To run with OpenVINO, it is necessary to convert checkpoint to OpenVINO format:
1. Set OpenVINO environment variables:
```
source /bin/setupvars.sh
```
2. Convert checkpoint to ONNX:
```
python scripts/convert_to_onnx.py --checkpoint-path human-pose-estimation-3d.pth
```
3. Convert to OpenVINO format:
```
python /deployment_tools/model_optimizer/mo.py --input_model human-pose-estimation-3d.onnx --input=data --mean_values=data[128.0,128.0,128.0] --scale_values=data[255.0,255.0,255.0] --output=features,heatmaps,pafs
```

To run the demo with OpenVINO inference, pass `--use-openvino` option and specify device to infer on:
```
python demo.py --model human-pose-estimation-3d.xml --device CPU --use-openvino --video 0
```

## Inference with TensorRT

To run with TensorRT, it is necessary to install it properly.
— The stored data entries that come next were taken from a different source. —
definition lie_algebra_on :: "('i \<Rightarrow> 'a::field) set \<Rightarrow> (('i \<Rightarrow> 'a) \<Rightarrow> ('i \<Rightarrow> 'a) \<Rightarrow> ('i \<Rightarrow> 'a)) \<Rightarrow> bool" where
  "lie_algebra_on V br \<longleftrightarrow> subspace_c V \<and> (\<forall>x\<in>V. \<forall>y\<in>V. br x y \<in> V) \<and>
     bilinear_map_on V br \<and> (\<forall>x\<in>V. br x x = 0) \<and>
     (\<forall>x\<in>V. \<forall>y\<in>V. \<forall>z\<in>V. br x (br y z) + br y (br z x) + br z (br x y) = 0)"

definition quadratic_lie_algebra :: "('i \<Rightarrow> 'a::field) set \<Rightarrow> (('i \<Rightarrow> 'a) \<Rightarrow> ('i \<Rightarrow> 'a) \<Rightarrow> ('i \<Rightarrow> 'a))
     \<Rightarrow> (('i \<Rightarrow> 'a) \<Rightarrow> ('i \<Rightarrow> 'a) \<Rightarrow> 'a) \<Rightarrow> bool" where
  "quadratic_lie_algebra V br \<phi> \<longleftrightarrow> lie_algebra_on V br \<and> bilinear_form_on V \<phi> \<and>
     (\<forall>x\<in>V. \<forall>y\<in>V. \<phi> x y = \<phi> y x) \<and>
     (\<forall>x\<in>V. (\<forall>y\<in>V. \<phi> x y = 0) \<longrightarrow> x = 0) \<and>
     (\<forall>x\<in>V. \<forall>y\<in>V. \<forall>z\<in>V. \<phi> (br x y) z + \<phi> y (br x z) = 0)"

definition two_step_nilpotent :: "('i \<Rightarrow> 'a::field) set \<Rightarrow> (('i \<Rightarrow> 'a) \<Rightarrow> ('i \<Rightarrow> 'a) \<Rightarrow> ('i \<Rightarrow> 'a)) \<Rightarrow> bool" where
  "two_step_nilpotent V br \<longleftrightarrow> (\<forall>x\<in>V. \<forall>y\<in>V. \<forall>z\<in>V. br x (br y z) = 0) \<and>
     (\<exists>x\<in>V. \<exists>y\<in>V. br x y \<noteq> 0)"

text \<open>An element of L is a coordinate function on nat + nat: the coefficient of
b_i is v (Inl i), the coefficient of the dual basis vector b_i^* is v (Inr i),
indices 1..n.  Acar k = span of b_i, b_i^* for i = 1..k (Acar n = L, Acar 0 = {0}).
Elements of B are coordinate functions nat => 'a supported in 1..n.\<close>

definition Acar :: "nat \<Rightarrow> (nat + nat \<Rightarrow> 'a::field) set" where
  "Acar k = {v. \<forall>i. (i < 1 \<or> k < i) \<longrightarrow> v (Inl i) = 0 \<and> v (Inr i) = 0}"

definition A2car :: "nat \<Rightarrow> (nat + nat \<Rightarrow> 'a::field) set" where
  "A2car k = {v. \<forall>i. v (Inl i) = 0 \<and> ((i < 1 \<or> k < i) \<longrightarrow> v (Inr i) = 0)}"

definition Bcar :: "nat \<Rightarrow> (nat \<Rightarrow> 'a::field) set" where
  "Bcar n = {x. \<forall>i. (i < 1 \<or> n < i) \<longrightarrow> x i = 0}"

definition bvec :: "nat \<Rightarrow> (nat + nat \<Rightarrow> 'a::field)" where
  "bvec i = (\<lambda>t. if t = Inl i then 1 else 0)"

definition dvec :: "nat \<Rightarrow> (nat + nat \<Rightarrow> 'a::field)" where
  "dvec i = (\<lambda>t. if t = Inr i then 1 else 0)"

definition Bbasis :: "nat \<Rightarrow> (nat \<Rightarrow> 'a::field)" where
  "Bbasis i = (\<lambda>j. if j = i then 1 else 0)"

text \<open>The bilinear map w : B x B -> B^* determined by c_ijk = w(b_i,b_j)(b_k);
  wfun c n x y z = w(x,y)(z).\<close>

definition wfun :: "(nat \<Rightarrow> nat \<Rightarrow> nat \<Rightarrow> 'a::field) \<Rightarrow> nat \<Rightarrow> (nat \<Rightarrow> 'a) \<Rightarrow> (nat \<Rightarrow> 'a) \<Rightarrow> (nat \<Rightarrow> 'a) \<Rightarrow> 'a" where
  "wfun c n x y z = (\<Sum>i=1..n. \<Sum>j=1..n. \<Sum>k=1..n. x i * y j * z k * c i j k)"

definition Lbr :: "(nat \<Rightarrow> nat \<Rightarrow> nat \<Rightarrow> 'a::field) \<Rightarrow> nat \<Rightarrow> (nat + nat \<Rightarrow> 'a) \<Rightarrow> (nat + nat \<Rightarrow> 'a) \<Rightarrow> (nat + nat \<Rightarrow> 'a)" where
  "Lbr c n v u = (\<lambda>t. case t of Inl _ \<Rightarrow> 0
      | Inr k \<Rightarrow> if 1 \<le> k \<and> k \<le> n then (\<Sum>i=1..n. \<Sum>j=1..n. v (Inl i) * u (Inl j) * c i j k) else 0)"

definition Lform :: "nat \<Rightarrow> (nat + nat \<Rightarrow> 'a::field) \<Rightarrow> (nat + nat \<Rightarrow> 'a) \<Rightarrow> 'a" where
  "Lform n v u = (\<Sum>i=1..n. v (Inr i) * u (Inl i) + u (Inr i) * v (Inl i))"

text \<open>For abelian B, a 2-cocycle with coadjoint coefficients is a skew-symmetric
bilinear map w : B x B -> B^* (elements of B^* are linear functionals on B).\<close>

definition cocycle_abelian :: "nat \<Rightarrow> ((nat \<Rightarrow> 'a::field) \<Rightarrow> (nat \<Rightarrow> 'a) \<Rightarrow> (nat \<Rightarrow> 'a) \<Rightarrow> 'a) \<Rightarrow> bool" where
  "cocycle_abelian n w \<longleftrightarrow>
     (\<forall>x\<in>Bcar n. \<forall>y\<in>Bcar n. \<forall>z\<in>Bcar n. \<forall>u\<in>Bcar n. \<forall>a.
        w (x + u) y z = w x y z + w u y z \<and> w x (y + u) z = w x y z + w x u z \<and>
        w x y (z + u) = w x y z + w x y u \<and>
        w (sc a x) y z = a * w x y z \<and> w x (sc a y) z = a * w x y z \<and> w x y (sc a z) = a * w x y z) \<and>
     (\<forall>x\<in>Bcar n. \<forall>y\<in>Bcar n. \<forall>z\<in>Bcar n. w x y z = - w y x z)"

definition cyclic_cocycle :: "nat \<Rightarrow> ((nat \<Rightarrow> 'a::field) \<Rightarrow> (nat \<Rightarrow> 'a) \<Rightarrow> (nat \<Rightarrow> 'a) \<Rightarrow> 'a) \<Rightarrow> bool" where
  "cyclic_cocycle n w \<longleftrightarrow> cocycle_abelian n w \<and>
     (\<forall>x\<in>Bcar n. \<forall>y\<in>Bcar n. \<forall>z\<in>Bcar n. w x y z = w z x y \<and> w z x y = w y z x)"

definition nonzero_w :: "nat \<Rightarrow> ((nat \<Rightarrow> 'a::field) \<Rightarrow> (nat \<Rightarrow> 'a) \<Rightarrow> (nat \<Rightarrow> 'a) \<Rightarrow> 'a) \<Rightarrow> bool" where
  "nonzero_w n w \<longleftrightarrow> (\<exists>x\<in>Bcar n. \<exists>y\<in>Bcar n. \<exists>z\<in>Bcar n. w x y z \<noteq> 0)"

text \<open>T*_w B = B + B^* with [b+beta,b'+beta'] = w(b,b') and q_B; written in the
basis b_i, b_i^* (coordinate of w(b,b') on b_k^* is w(b,b')(b_k)).\<close>

definition Tstar_br :: "nat \<Rightarrow> ((nat \<Rightarrow> 'a::field) \<Rightarrow> (nat \<Rightarrow> 'a) \<Rightarrow> (nat \<Rightarrow> 'a) \<Rightarrow> 'a)
     \<Rightarrow> (nat + nat \<Rightarrow> 'a) \<Rightarrow> (nat + nat \<Rightarrow> 'a) \<Rightarrow> (nat + nat \<Rightarrow> 'a)" where
  "Tstar_br n w v u = (\<lambda>t. case t of Inl _ \<Rightarrow> 0
      | Inr k \<Rightarrow> if 1 \<le> k \<and> k \<le> n then w (v \<circ> Inl) (u \<circ> Inl) (Bbasis k) else 0)"

definition qB :: "nat \<Rightarrow> (nat + nat \<Rightarrow> 'a::field) \<Rightarrow> (nat + nat \<Rightarrow> 'a) \<Rightarrow> 'a" where
  "qB n v u = (\<Sum>i=1..n. v (Inr i) * u (Inl i)) + (\<Sum>i=1..n. u (Inr i) * v (Inl i))"

text \<open>proj k v is the A_k-component of v.  The one-dimensional double extension of
(A_k, br, f) by (b, d) is realised on A_{k+1} with b = b_{k+1}, b^* = b_{k+1}^*.\<close>

definition proj :: "nat \<Rightarrow> (nat + nat \<Rightarrow> 'a::field) \<Rightarrow> (nat + nat \<Rightarrow> 'a)" where
  "proj k v = (\<lambda>t. case t of Inl i \<Rightarrow> if 1 \<le> i \<and> i \<le> k then v t else 0
                          | Inr i \<Rightarrow> if 1 \<le> i \<and> i \<le> k then v t else 0)"
lemma sesq_sym_vec_le_1:
  assumes "density \<pi>" shows "Re (sesq \<pi> (sym_vec a) (sym_vec a)) \<le> 1"
proof -
  have "Re (sesq \<pi> (sym_vec a) (sym_vec a)) + Re (sesq \<pi> (anti_vec a) (anti_vec a))
      = (Re (\<pi> $ a $ a) + Re (\<pi> $ prod.swap a $ prod.swap a)) / 2"
    unfolding sym_vec_def anti_vec_def by (simp add: sesq_simps algebra_simps)
  moreover have "0 \<le> Re (sesq \<pi> (anti_vec a) (anti_vec a))"
    using assms unfolding density_def by (simp add: psd_sesq_nonneg)
  ultimately show ?thesis
    using density_diag_le_1[OF assms, of a] density_diag_le_1[OF assms, of "prod.swap a"] by argo
qed

lemma cross_term_le_sqrt_transport_cost:
  assumes "density \<pi>"
  shows "cmod (sesq \<pi> (sym_vec a) (anti_vec b)) \<le> sqrt (transport_cost \<pi>)"
proof -
  have psd: "psd \<pi>" using assms unfolding density_def by simp
  have "cmod (sesq \<pi> (sym_vec a) (anti_vec b))
      \<le> sqrt (Re (sesq \<pi> (sym_vec a) (sym_vec a)) * Re (sesq \<pi> (anti_vec b) (anti_vec b)))"
    by (rule psd_cauchy_schwarz_sqrt[OF psd])
  also have "\<dots> \<le> sqrt (1 * transport_cost \<pi>)"
    using sesq_sym_vec_le_1[OF assms] sesq_anti_vec_le_transport_cost[OF psd]
      psd_sesq_nonneg[OF psd] transport_cost_nonneg[OF psd]
    by (intro real_sqrt_le_mono mult_mono) auto
  finally show ?thesis by simp
qed

lemma marginal_diff_le_transport_cost:
  fixes \<pi> :: "complex^('n::finite \<times> 'n)^('n \<times> 'n)"
  assumes "density \<pi>"
  shows "cmod (ptrace_Y \<pi> $ i $ k - ptrace_X \<pi> $ i $ k) \<le> 4 * CARD('n) * sqrt (transport_cost \<pi>)"
proof -
  have psd: "psd \<pi>" using assms unfolding density_def by simp
  have term_le: "cmod (\<pi> $ (i,j) $ (k,j) - \<pi> $ (j,i) $ (j,k)) \<le> 4 * sqrt (transport_cost \<pi>)" for j
  proof -
    define s1 s2 where "s1 = sesq \<pi> (sym_vec (i,j)) (anti_vec (k,j))"
      and "s2 = sesq \<pi> (sym_vec (k,j)) (anti_vec (i,j))"
    have "\<pi> $ (i,j) $ (k,j) - \<pi> $ (j,i) $ (j,k) = 2 * s1 + 2 * cnj s2"
      using entry_diff_eq_cross_terms[of \<pi> "(i,j)" "(k,j)"]
      by (simp add: s1_def s2_def psd_sesq_commute[OF psd, of "anti_vec (i,j)"])
    then have "cmod (\<pi> $ (i,j) $ (k,j) - \<pi> $ (j,i) $ (j,k)) \<le> 2 * cmod s1 + 2 * cmod s2"
      using norm_triangle_ineq[of "2 * s1" "2 * cnj s2"] by (simp add: norm_mult)
    then show ?thesis
      using cross_term_le_sqrt_transport_cost[OF assms] unfolding s1_def s2_def by (smt (verit))
  qed
  have "ptrace_Y \<pi> $ i $ k - ptrace_X \<pi> $ i $ k = (\<Sum>j\<in>UNIV. \<pi> $ (i,j) $ (k,j) - \<pi> $ (j,i) $ (j,k))"
    unfolding ptrace_Y_def ptrace_X_def by (simp add: sum_subtractf)
  also have "cmod \<dots> \<le> (\<Sum>j\<in>(UNIV::'n set). 4 * sqrt (transport_cost \<pi>))"
    using term_le by (intro order_trans[OF norm_sum] sum_mono)
  finally show ?thesis by simp
qed

lemma marginal_diff_le_qW:
  fixes P Q :: "complex^'n::finite^'n"
  assumes "density P" and "density Q"
  shows "cmod (P $ i $ k - Q $ i $ k) \<le> 4 * CARD('n) * sqrt (qW P Q)"
proof -
  define c where "c = cmod (P $ i $ k - Q $ i $ k) / (4 * CARD('n))"
  have "c\<^sup>2 \<le> transport_cost \<pi>" if "\<pi> \<in> couplings P Q" for \<pi>
  proof -
    have "c \<le> sqrt (transport_cost \<pi>)"
      using marginal_diff_le_transport_cost[of \<pi> i k] that
      unfolding c_def couplings_def by (simp add: field_simps)
    moreover have "0 \<le> c" "0 \<le> transport_cost \<pi>"
      using that transport_cost_nonneg unfolding c_def couplings_def density_def by auto
    ultimately show ?thesis
      using power_mono[of c "sqrt (transport_cost \<pi>)" 2] by simp
  qed
  then have "c\<^sup>2 \<le> qW P Q"
    unfolding qW_eq_INF using tensor_mat_mem_couplings[OF assms] by (intro cINF_greatest) auto
  then have "c \<le> sqrt (qW P Q)"
    by (simp add: c_def real_le_rsqrt)
  then show ?thesis by (simp add: c_def field_simps)
qed

lemma eq_if_qW_eq_0:
  fixes P Q :: "complex^'n::finite^'n"
  assumes "density P" and "density Q" and "qW P Q = 0"
  shows "P = Q"
  using marginal_diff_le_qW[OF assms(1,2)] assms(3) by (simp add: vec_eq_iff)

theorem theorem1:
  fixes P Q :: "complex^'n^'n"
  assumes "density P" and "density Q"
  shows "qW P Q \<ge> 0 \<and> qW P Q = qW Q P \<and> (qW P Q = 0 \<longleftrightarrow> P = Q)"
  using qW_nonneg[OF assms] qW_commute[of P Q] eq_if_qW_eq_0[OF assms] qW_self[OF assms(1)]
  by blast

end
Please, follow the [official guide](https://docs.nvidia.com/deeplearning/tensorrt/install-guide/index.html), these steps work for me:
1. [Install](https://developer.nvidia.com/cuda-downloads) CUDA 11.1.
2. [Install](https://developer.nvidia.com/cudnn) cuDNN 8 (runtime library, then developer).
3. Install `nvidia-tensorrt`:
```
python -m pip install nvidia-pyindex
pip install nvidia-tensorrt==7.2.1.6
```
4. [Install](https://github.com/NVIDIA-AI-IOT/torch2trt) `torch2trt`.

Convert checkpoint to TensorRT format:
```
python scripts/convert_to_trt.py --checkpoint-path human-pose-estimation-3d.pth
```
> TensorRT does not support dynamic network input size reshape.
Make sure you have set proper network input height, width with `--height` and `--width` options during conversion (if not, there will be no detections).
Default values work for a usual video with 16:9 aspect ratio (1280x720, 1920x1080).
You can check the network input size with `print(scaled_img.shape)` in the demo.py

To run the demo with TensorRT inference, pass `--use-tensorrt` option:
```
python demo.py --model human-pose-estimation-3d-trt.pth --use-tensorrt --video 0
```

I have observed ~10x network inference speedup on RTX 2060 (in comparison with default PyTorch 1.6.0+cu101 inference).